# TASK BRIEF:
Please write out, exactly as given, every line of the entries below up to and including the line with "k A = xs ! (k".

# DATA RECORDS:
lemma less_kth_smallest_iff:
  fixes A :: "real multiset"
  assumes "1 \<le> k" and "k \<le> size A"
  shows "y < kth_smallest k A \<longleftrightarrow> size (filter_mset (\<lambda>x. x \<le> y) A) < k"
proof -
  define xs where "xs = sorted_list_of_multiset A"
  have sorted: "sorted xs" and len: "length xs = size A"
    unfolding xs_def by (simp_all flip: size_mset)
  have "A = mset xs"
    unfolding xs_def by simp
  then have count: "size (filter_mset (\<lambda>x. x \<le> y) A) = card {i. i < length xs \<and> xs ! i \<le> y}"
    by (simp add: length_filter_conv_card flip: mset_filter)
  have kth: "kth_smallest k A = xs ! (k - 1)"
    unfolding kth_smallest_def xs_def ..
  have below: "{i. i < length xs \<and> xs ! i \<le> y} \<subseteq> {..<k - 1}" if "y < xs ! (k - 1)"
  proof (intro subsetI CollectI lessThan_iff[THEN iffD2])
    fix i assume i: "i \<in> {i. i < length xs \<and> xs ! i \<le> y}"
    show "i < k - 1"
    proof (rule ccontr)
      assume "\<not> i < k - 1"
      then have "xs ! (k - 1) \<le> xs ! i"
        using i sorted by (simp add: sorted_nth_mono)
      then show False
        using i that by simp
    qed
  qed
  have above: "{..<k} \<subseteq> {i. i < length xs \<and> xs ! i \<le> y}" if "xs ! (k - 1) \<le> y"
  proof
    fix i assume "i \<in> {..<k}"
    then have "i < length xs" and "xs ! i \<le> xs ! (k - 1)"
      using assms len sorted by (simp_all add: sorted_nth_mono)
    then show "i \<in> {i. i < length xs \<and> xs ! i \<le> y}"
      using that by simp
  qed
  have "card {i. i < length xs \<and> xs ! i \<le> y} < k \<longleftrightarrow> y < xs ! (k - 1)"
  proof
    assume "card {i. i < length xs \<and> xs ! i \<le> y} < k"
    then show "y < xs ! (k - 1)"
      using card_mono[OF _ above] by force
  next
    assume "y < xs ! (k - 1)"
    then show "card {i. i < length xs \<and> xs ! i \<le> y} < k"
      using card_mono[OF _ below] \<open>1 \<le> k\<close> by force
  qed
  then show ?thesis
    unfolding count kth ..
qed

lemma less_Y2_iff:
  assumes "1 \<le> k" and "k \<le> n - 1" and "t \<in> {1..n}"
  shows "y < Y2 n k t X \<omega> \<longleftrightarrow> y < X t \<omega> \<and> card {i \<in> {1..n} - {t}. X i \<omega> \<le> y} < k"
proof -
  have "size (filter_mset (\<lambda>x. x \<le> y) (image_mset (\<lambda>i. X i \<omega>) (mset_set ({1..n} - {t}))))
      = card {i \<in> {1..n} - {t}. X i \<omega> \<le> y}"
    by (simp add: filter_mset_image_mset)
  moreover have "k \<le> size (image_mset (\<lambda>i. X i \<omega>) (mset_set ({1..n} - {t})))"
    using assms by simp
  ultimately show ?thesis
    unfolding Y2_def using less_kth_smallest_iff[OF assms(1)] by simp
qed
lemma SU3_invertible: "(X::'a^3^3) \<in> SU3 q \<Longrightarrow> invertible X"
  by (simp add: SU3_def invertible_det_nz)

lemma SU3_inv_mem:
  fixes X :: "'a^3^3"
  assumes "X \<in> SU3 q"
  shows "matrix_inv X \<in> SU3 q"
proof -
  let ?Y = "matrix_inv X"
  have XY: "X ** ?Y = mat 1"
    by (simp add: matrix_inv_right SU3_invertible assms)
  then have "det X * det ?Y = 1"
    by (metis det_I det_mul)
  then have "det ?Y = 1"
    using assms by (simp add: SU3_def)
  have "conj_star q ?Y ** conj_star q X = mat 1"
    using conj_star_mult[of X ?Y] XY by (simp add: conj_star_one)
  then have "conj_star q ?Y ** Jmat ** ?Y = conj_star q ?Y ** (conj_star q X ** Jmat ** X) ** ?Y"
    using assms XY by (simp add: SU3_def)
  also have "\<dots> = (conj_star q ?Y ** conj_star q X) ** Jmat ** (X ** ?Y)"
    by (simp add: matrix_mul_assoc)
  also have "\<dots> = Jmat"
    using \<open>conj_star q ?Y ** conj_star q X = mat 1\<close> XY by simp
  finally show ?thesis
    using \<open>det ?Y = 1\<close> by (simp add: SU3_def)
qed

sublocale SU3: matrix_group "SU3 q :: ('a^3^3) set"
proof
  show "(mat 1 :: 'a^3^3) \<in> SU3 q"
    by (simp add: SU3_def conj_star_one)
qed (simp_all add: SU3_mult_mem SU3_inv_mem SU3_invertible)

end

definition weyl :: "'a::{zero,one,uminus}^3^3" where
  "weyl = mat3 0 0 1 0 (- 1) 0 1 0 0"

lemma weyl_weyl: "weyl ** weyl = (mat 1 :: 'a::ring_1^3^3)"
  by (simp add: weyl_def mat_one_mat3 mat3_mult)

text \<open>The rank-one relation writing a torus element as a product of three root elements
  interleaved with the Weyl element.  \<open>Groebner_Basis.algebra\<close> is the HOL method of that
  name, which HOL-Algebra shadows.\<close>

lemma torus_weyl_unipotent_identity:
  fixes s t a b :: "'a::field"
  assumes "s \<noteq> 0" and "t \<noteq> 0" and "b * a = - (s + t)"
  shows "mat3 s 0 0 0 (t / s) 0 0 0 (1 / t) =
    weyl ** mat3 1 (a / t) (1 / t) 0 1 (- (b / s)) 0 0 1 ** weyl **
    mat3 1 a s 0 1 (- b) 0 0 1 ** weyl ** mat3 1 (a / s) (1 / t) 0 1 (- (b / t)) 0 0 1"
  using assms by (simp add: weyl_def mat3_mult mat3_eq_iff field_simps; Groebner_Basis.algebra)

context involutive_frobenius
begin

definition unipotent :: "'a \<Rightarrow> 'a \<Rightarrow> 'a^3^3" where
  "unipotent a b = mat3 1 a b 0 1 (- (a ^ q)) 0 0 1"

definition torus :: "'a \<Rightarrow> 'a^3^3" where
  "torus s = mat3 s 0 0 0 (s ^ q / s) 0 0 0 (1 / s ^ q)"

lemma unipotent_mult: "unipotent a b ** unipotent c d = unipotent (a + c) (b + d - a * c ^ q)"
  by (simp add: unipotent_def mat3_mult mat3_eq_iff frob_add algebra_simps)

lemma unipotent_mem_iff: "unipotent a b \<in> SU3 q \<longleftrightarrow> b + b ^ q + a ^ q * a = 0"
  by (auto simp: unipotent_def SU3_mat3_iff frob_frob algebra_simps)

lemma matrix_inv_unipotent:
  assumes "unipotent a b \<in> SU3 q"
  shows "matrix_inv (unipotent a b) = unipotent (- a) (b ^ q)"
  using assms unfolding unipotent_mem_iff
  by (intro matrix_inv_eqI, unfold unipotent_mult)
    (simp add: mat_one_mat3 unipotent_def mat3_eq_iff algebra_simps)

lemma unitriangular_SU3_eq_unipotent:
  assumes "mat3 1 a b 0 1 c 0 0 1 \<in> SU3 q"
  shows "mat3 1 a b 0 1 c 0 0 1 = unipotent a b"
  using assms by (simp add: unipotent_def SU3_mat3_iff mat3_eq_iff eq_neg_iff_add_eq_0)

lemma weyl_mem: "(weyl :: 'a^3^3) \<in> SU3 q"
  by (simp add: weyl_def SU3_mat3_iff)

lemma torus_mem: "s \<noteq> 0 \<Longrightarrow> torus s \<in> SU3 q"
  by (simp add: torus_def SU3_mat3_iff frob_frob power_divide)

lemma torus_factorization:
  assumes "s \<noteq> 0" and "a ^ q * a = - (s + s ^ q)"
  shows "torus s = weyl ** unipotent (a / s ^ q) (1 / s ^ q) ** weyl ** unipotent a s **
      weyl ** unipotent (a / s) (1 / s ^ q)"
  using torus_weyl_unipotent_identity[of s "s ^ q" "a ^ q" a] assms
  by (simp add: torus_def unipotent_def power_divide frob_frob)

lemma torus_mult_torus_inverse: "s \<noteq> 0 \<Longrightarrow> torus s ** torus (1 / s) = mat 1"
  by (simp add: torus_def mat_one_mat3 mat3_mult power_divide)

lemma borel_factorization:
  assumes "M \<in> SU3 q" and "M $ 3 $ 1 = 0"
  obtains s a b where "s \<noteq> 0" and "unipotent a b \<in> SU3 q" and "M = torus s ** unipotent a b"
proof -
  obtain a b c d e f h i where M: "M = mat3 a b c d e f 0 h i"
    using mat3_entries[of M] assms(2) by metis
  have "d = 0"
    using assms(1) unfolding M SU3_mat3_iff by auto
  have eqs: "a * e * i + c * d * h - a * f * h - b * d * i = 1"
    "d ^ q * e + a ^ q * h = 0" "d ^ q * f + a ^ q * i = 1"
    using assms(1) unfolding M SU3_mat3_iff by simp_all
  have "a * (e * i - f * h) = 1"
    using eqs(1) \<open>d = 0\<close> by (simp add: algebra_simps)
  then have "a \<noteq> 0"
    by auto
  then have "h = 0" and "i = 1 / a ^ q"
    using eqs(2,3) \<open>d = 0\<close> by (simp_all add: field_simps)
  then have "a * e / a ^ q = 1"
    using \<open>a * (e * i - f * h) = 1\<close> by simp
  then have "e = a ^ q / a"
    using \<open>a \<noteq> 0\<close> by (simp add: field_simps)
  define N where "N = torus (1 / a) ** M"
  have "N \<in> SU3 q"
    unfolding N_def using \<open>a \<noteq> 0\<close> assms(1) by (simp add: SU3.mult_mem torus_mem)
  moreover have "N = mat3 1 (b / a) (c / a) 0 1 (a * f / a ^ q) 0 0 1"
    unfolding N_def M torus_def \<open>d = 0\<close> \<open>h = 0\<close> \<open>i = 1 / a ^ q\<close> \<open>e = a ^ q / a\<close>
    using \<open>a \<noteq> 0\<close> by (simp add: mat3_mult mat3_eq_iff power_divide field_simps)
  ultimately have "N = unipotent (b / a) (c / a)" and "N \<in> SU3 q"
    using unitriangular_SU3_eq_unipotent by simp_all
  moreover have "M = torus a ** N"
    unfolding N_def using torus_mult_torus_inverse[OF \<open>a \<noteq> 0\<close>] by (simp add: matrix_mul_assoc)
  ultimately show thesis
    using that \<open>a \<noteq> 0\<close> by simp
qed

lemma bruhat_factorization:
  assumes "M \<in> SU3 q" and "M $ 3 $ 1 \<noteq> 0"
  obtains a b B where "unipotent a b \<in> SU3 q" and "B \<in> SU3 q" and "B $ 3 $ 1 = 0"
    and "M = unipotent a b ** weyl ** B"
proof -
  obtain a b c d e f g h i where M: "M = mat3 a b c d e f g h i"
    using mat3_entries[of M] by metis
  have "g \<noteq> 0"
    using assms(2) M by simp
  have orth: "g ^ q * a + d ^ q * d + a ^ q * g = 0"
    using assms(1) unfolding M SU3_mat3_iff by simp
  define U where "U = unipotent (- ((d / g) ^ q)) (a / g)"
  have "U \<in> SU3 q"
  proof -
    have "a / g + (a / g) ^ q + (- ((d / g) ^ q)) ^ q * - ((d / g) ^ q) =
        (g ^ q * a + d ^ q * d + a ^ q * g) / (g * g ^ q)"
      using \<open>g \<noteq> 0\<close> by (simp add: power_divide frob_frob field_simps)
    then show ?thesis
      unfolding U_def unipotent_mem_iff using orth by simp
  qed
  define B where "B = weyl ** matrix_inv U ** M"
  have "B \<in> SU3 q"
    unfolding B_def using \<open>U \<in> SU3 q\<close> assms(1) weyl_mem by (simp add: SU3.mult_mem SU3.inv_mem)
  have "matrix_inv U = unipotent ((d / g) ^ q) ((a / g) ^ q)"
    using matrix_inv_unipotent[OF \<open>U \<in> SU3 q\<close>[unfolded U_def]] by (simp add: U_def)
  then have "B $ 3 $ 1 = (g ^ q * a + d ^ q * d + a ^ q * g) / g ^ q"
    unfolding B_def M weyl_def unipotent_def
    using \<open>g \<noteq> 0\<close> by (simp add: mat3_mult power_divide frob_frob field_simps)
  moreover note \<open>B \<in> SU3 q\<close>
  moreover have "M = U ** weyl ** B"
  proof -
    have "U ** weyl ** B = U ** (weyl ** weyl) ** matrix_inv U ** M"
      by (simp add: B_def matrix_mul_assoc)
    also have "\<dots> = M"
      using \<open>U \<in> SU3 q\<close> by (simp add: weyl_weyl matrix_inv_right SU3_invertible)
    finally show ?thesis
      by simp
  qed
  ultimately show thesis
    using that \<open>U \<in> SU3 q\<close> orth unfolding U_def by simp
qed

lemma SU3_subset_if_unipotent_weyl:
  assumes norm_onto: "\<And>c::'a. c ^ q = c \<Longrightarrow> \<exists>a. a ^ q * a = c"
    and mult_mem: "\<And>g h. g \<in> H \<Longrightarrow> h \<in> H \<Longrightarrow> g ** h \<in> H"
    and unipotent_mem: "\<And>a b. unipotent a b \<in> SU3 q \<Longrightarrow> unipotent a b \<in> H"
    and weyl_mem: "weyl \<in> H"
  shows "SU3 q \<subseteq> H"
proof -
  have torus_mem: "torus s \<in> H" if "s \<noteq> 0" for s
  proof -
    have "(- (s + s ^ q)) ^ q = - (s + s ^ q)"
      by (simp add: frob_add frob_frob add.commute)
    then obtain a where a: "a ^ q * a = - (s + s ^ q)"
      using norm_onto by blast
    have "1 / s ^ q + (1 / s ^ q) ^ q + (a / s ^ q) ^ q * (a / s ^ q) =
        (s + s ^ q + a ^ q * a) / (s * s ^ q)"
      and "1 / s ^ q + (1 / s ^ q) ^ q + (a / s) ^ q * (a / s) =
        (s + s ^ q + a ^ q * a) / (s * s ^ q)"
      using \<open>s \<noteq> 0\<close> by (simp_all add: power_divide frob_frob field_simps)
    then have "unipotent (a / s ^ q) (1 / s ^ q) \<in> SU3 q" "unipotent a s \<in> SU3 q"
      "unipotent (a / s) (1 / s ^ q) \<in> SU3 q"
      unfolding unipotent_mem_iff using a by simp_all
    then show ?thesis
      unfolding torus_factorization[OF \<open>s \<noteq> 0\<close> a] by (simp add: mult_mem unipotent_mem weyl_mem)
  qed
  have borel_mem: "M \<in> H" if "M \<in> SU3 q" and "M $ 3 $ 1 = 0" for M :: "'a^3^3"
    using borel_factorization[OF that] torus_mem unipotent_mem mult_mem by metis
  show ?thesis
  proof
    fix M :: "'a^3^3"
    assume "M \<in> SU3 q"
    then show "M \<in> H"
      using borel_mem bruhat_factorization[of M] unipotent_mem weyl_mem mult_mem by metis
  qed
qed

lemma matrix_conj_unipotent:
  assumes "unipotent a b \<in> SU3 q"
  shows "matrix_conj (unipotent a b) (unipotent c d) = unipotent c (d + c * a ^ q - a * c ^ q)"
  using assms unfolding matrix_conj_def matrix_inv_unipotent[OF assms] unipotent_mult unipotent_mem_iff
  by (simp add: unipotent_def mat3_eq_iff algebra_simps)

lemma unipotent_commute: "unipotent c d ** unipotent c e = unipotent c e ** unipotent c d"
  by (simp add: unipotent_mult add.commute)

lemma matrix_conj_weyl_unipotent:
  "matrix_conj weyl (unipotent c d) = mat3 1 0 0 (c ^ q) 1 0 d (- c) 1"
proof -
  have "matrix_inv (weyl :: 'a^3^3) = weyl"
    by (rule matrix_inv_eqI) (rule weyl_weyl)
  then show ?thesis
    by (simp add: matrix_conj_def weyl_def unipotent_def mat3_mult)
qed

end

lemma cube_root_witness_identity:
  fixes w a b :: "'a::field"
  assumes "w ^ 2 + w + 1 = 0" and "b * a = 1"
  shows "mat3 (w * (- 2 - 3 * w)) (- (w * a)) w (- (w * b)) (- w) 0 w 0 0 **
      mat3 1 0 0 (w ^ 2 * b) 1 0 w (- (w * a)) 1 =
    mat3 1 0 0 (w ^ 2 * b) 1 0 w (- (w * a)) 1 ** mat3 1 a w 0 1 (- b) 0 0 1"
  using assms by (simp add: mat3_mult mat3_eq_iff; Groebner_Basis.algebra)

# WRITTEN RESPONSE:
lemma less_kth_smallest_iff:
  fixes A :: "real multiset"
  assumes "1 \<le> k" and "k \<le> size A"
  shows "y < kth_smallest k A \<longleftrightarrow> size (filter_mset (\<lambda>x. x \<le> y) A) < k"
proof -
  define xs where "xs = sorted_list_of_multiset A"
  have sorted: "sorted xs" and len: "length xs = size A"
    unfolding xs_def by (simp_all flip: size_mset)
  have "A = mset xs"
    unfolding xs_def by simp
  then have count: "size (filter_mset (\<lambda>x. x \<le> y) A) = card {i. i < length xs \<and> xs ! i \<le> y}"
    by (simp add: length_filter_conv_card flip: mset_filter)
  have kth: "kth_smallest k A = xs ! (k - 1)"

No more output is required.